** Given information follows **
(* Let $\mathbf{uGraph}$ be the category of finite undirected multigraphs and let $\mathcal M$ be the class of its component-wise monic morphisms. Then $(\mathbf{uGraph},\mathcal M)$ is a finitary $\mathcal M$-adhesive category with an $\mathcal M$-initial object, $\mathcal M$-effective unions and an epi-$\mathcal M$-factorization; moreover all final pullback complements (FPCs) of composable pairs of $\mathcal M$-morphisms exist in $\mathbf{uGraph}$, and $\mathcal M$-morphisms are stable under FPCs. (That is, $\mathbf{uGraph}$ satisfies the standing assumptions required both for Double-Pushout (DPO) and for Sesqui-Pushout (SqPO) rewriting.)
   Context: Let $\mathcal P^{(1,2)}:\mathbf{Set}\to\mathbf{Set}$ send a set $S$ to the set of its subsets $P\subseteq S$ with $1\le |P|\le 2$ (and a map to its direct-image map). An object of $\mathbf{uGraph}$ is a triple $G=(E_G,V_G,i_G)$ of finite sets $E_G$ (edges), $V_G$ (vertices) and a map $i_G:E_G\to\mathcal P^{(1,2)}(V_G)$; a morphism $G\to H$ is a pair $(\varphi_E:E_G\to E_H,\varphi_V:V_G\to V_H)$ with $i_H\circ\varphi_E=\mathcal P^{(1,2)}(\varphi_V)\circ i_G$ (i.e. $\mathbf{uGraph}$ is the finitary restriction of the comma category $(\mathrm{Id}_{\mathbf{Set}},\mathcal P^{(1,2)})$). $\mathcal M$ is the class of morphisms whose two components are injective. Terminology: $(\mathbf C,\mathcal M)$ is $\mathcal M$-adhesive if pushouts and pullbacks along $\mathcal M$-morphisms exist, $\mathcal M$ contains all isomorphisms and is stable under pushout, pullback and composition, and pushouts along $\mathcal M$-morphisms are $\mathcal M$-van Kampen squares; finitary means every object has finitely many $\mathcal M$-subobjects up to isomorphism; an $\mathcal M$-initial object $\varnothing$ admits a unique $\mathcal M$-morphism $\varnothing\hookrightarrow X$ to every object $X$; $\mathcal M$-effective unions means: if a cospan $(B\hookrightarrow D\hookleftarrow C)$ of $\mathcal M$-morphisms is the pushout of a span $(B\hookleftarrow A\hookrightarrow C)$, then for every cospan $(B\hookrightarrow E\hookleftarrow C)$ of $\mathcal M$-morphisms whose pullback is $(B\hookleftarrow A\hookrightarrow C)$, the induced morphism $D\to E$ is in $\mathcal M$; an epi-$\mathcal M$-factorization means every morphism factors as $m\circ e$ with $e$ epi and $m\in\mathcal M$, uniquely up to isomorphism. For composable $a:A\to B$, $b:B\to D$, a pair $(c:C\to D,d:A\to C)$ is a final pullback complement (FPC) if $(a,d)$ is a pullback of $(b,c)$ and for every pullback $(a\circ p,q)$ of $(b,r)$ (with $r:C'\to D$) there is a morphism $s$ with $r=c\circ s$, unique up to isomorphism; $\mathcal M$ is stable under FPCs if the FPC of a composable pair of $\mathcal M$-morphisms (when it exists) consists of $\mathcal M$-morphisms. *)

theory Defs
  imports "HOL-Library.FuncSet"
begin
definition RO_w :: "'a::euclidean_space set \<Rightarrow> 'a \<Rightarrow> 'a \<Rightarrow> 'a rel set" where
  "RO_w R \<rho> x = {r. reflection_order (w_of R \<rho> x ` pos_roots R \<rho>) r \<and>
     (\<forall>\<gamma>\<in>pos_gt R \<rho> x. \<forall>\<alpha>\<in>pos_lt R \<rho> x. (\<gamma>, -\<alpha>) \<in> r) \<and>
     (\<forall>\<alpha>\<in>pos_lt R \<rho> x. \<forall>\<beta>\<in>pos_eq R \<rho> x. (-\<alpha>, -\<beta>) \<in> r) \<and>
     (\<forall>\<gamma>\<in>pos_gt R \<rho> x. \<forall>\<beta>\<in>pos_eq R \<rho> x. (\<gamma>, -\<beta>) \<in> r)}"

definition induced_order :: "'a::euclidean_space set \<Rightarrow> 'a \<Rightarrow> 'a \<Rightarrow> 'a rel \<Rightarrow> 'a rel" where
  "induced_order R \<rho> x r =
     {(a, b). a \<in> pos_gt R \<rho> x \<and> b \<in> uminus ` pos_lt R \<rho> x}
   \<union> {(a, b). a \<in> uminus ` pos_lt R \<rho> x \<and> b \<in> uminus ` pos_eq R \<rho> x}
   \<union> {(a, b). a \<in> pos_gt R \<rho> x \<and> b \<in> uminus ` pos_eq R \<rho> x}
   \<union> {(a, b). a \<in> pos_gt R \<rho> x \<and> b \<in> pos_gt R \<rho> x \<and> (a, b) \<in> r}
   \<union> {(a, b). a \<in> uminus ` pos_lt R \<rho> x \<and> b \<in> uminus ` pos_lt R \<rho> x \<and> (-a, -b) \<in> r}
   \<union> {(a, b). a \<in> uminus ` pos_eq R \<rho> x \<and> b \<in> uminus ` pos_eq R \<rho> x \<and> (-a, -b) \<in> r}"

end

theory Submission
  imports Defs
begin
** End of Given information **
Your goal -> The expected output is the run of lines from the one holding "b \<in> pos_gt" to the last line of the entries above, each reproduced character for character.

Expected output ->
   \<union> {(a, b). a \<in> pos_gt R \<rho> x \<and> b \<in> pos_gt R \<rho> x \<and> (a, b) \<in> r}
   \<union> {(a, b). a \<in> uminus ` pos_lt R \<rho> x \<and> b \<in> uminus ` pos_lt R \<rho> x \<and> (-a, -b) \<in> r}
   \<union> {(a, b). a \<in> uminus ` pos_eq R \<rho> x \<and> b \<in> uminus ` pos_eq R \<rho> x \<and> (-a, -b) \<in> r}"

end

theory Submission
  imports Defs
begin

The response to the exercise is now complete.